--- Problem to work on ---
Write out only the lines running from the one that contains "by (intro not_basis_forced_if_resolves_more)" to the end of the material, both ends included.

--- Records to use ---

theorem theorem2:
  fixes V :: "'a set" and E :: "'a \<Rightarrow> 'a \<Rightarrow> bool" and v :: 'a and G1 G2 :: "'a set"
  assumes "graph V E"
    and "connected_graph V E"
    and "v \<in> V"
    and "components (V - {v}) E = {G1, G2}"
    and "G1 \<noteq> G2"
    and "is_path_graph (G1 \<union> {v}) E \<or> is_path_graph (G2 \<union> {v}) E"
  shows "\<not> basis_forced V E v"
proof -
  obtain C where C: "C \<in> components (V - {v}) E" "is_path_graph (C \<union> {v}) E"
    using assms(4,6) by blast
  have sym: "\<forall>x y. E x y \<longrightarrow> E y x" using assms(1) unfolding graph_def by blast
  have "C \<subseteq> V - {v}" "C \<noteq> {}"
    using component_subset[OF C(1)] component_nonempty[OF C(1)] by auto
  obtain f n where path: "bij_betw f {0..<n} (C \<union> {v})"
    "\<forall>i<n. \<forall>j<n. E (f i) (f j) \<longleftrightarrow> (j = Suc i \<or> i = Suc j)" "f 0 = v"
    using path_enum_from_cut_vertex[OF C(2)] \<open>C \<subseteq> V - {v}\<close>
      component_reachable_within[OF sym C(1)] by blast
  interpret pendant_path V E C v f n
    using assms(1-3) \<open>C \<subseteq> V - {v}\<close> \<open>C \<noteq> {}\<close> path component_of_cut_attached[OF assms(1) C(1)]
    by unfold_locales auto
  show ?thesis
    using assms(1,2) far_end_in subset far_end_ne_start far_end_resolves_more
    by (intro not_basis_forced_if_resolves_more) (auto simp: graph_def)
qed

end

--- Written solution ---
    by (intro not_basis_forced_if_resolves_more) (auto simp: graph_def)
qed

end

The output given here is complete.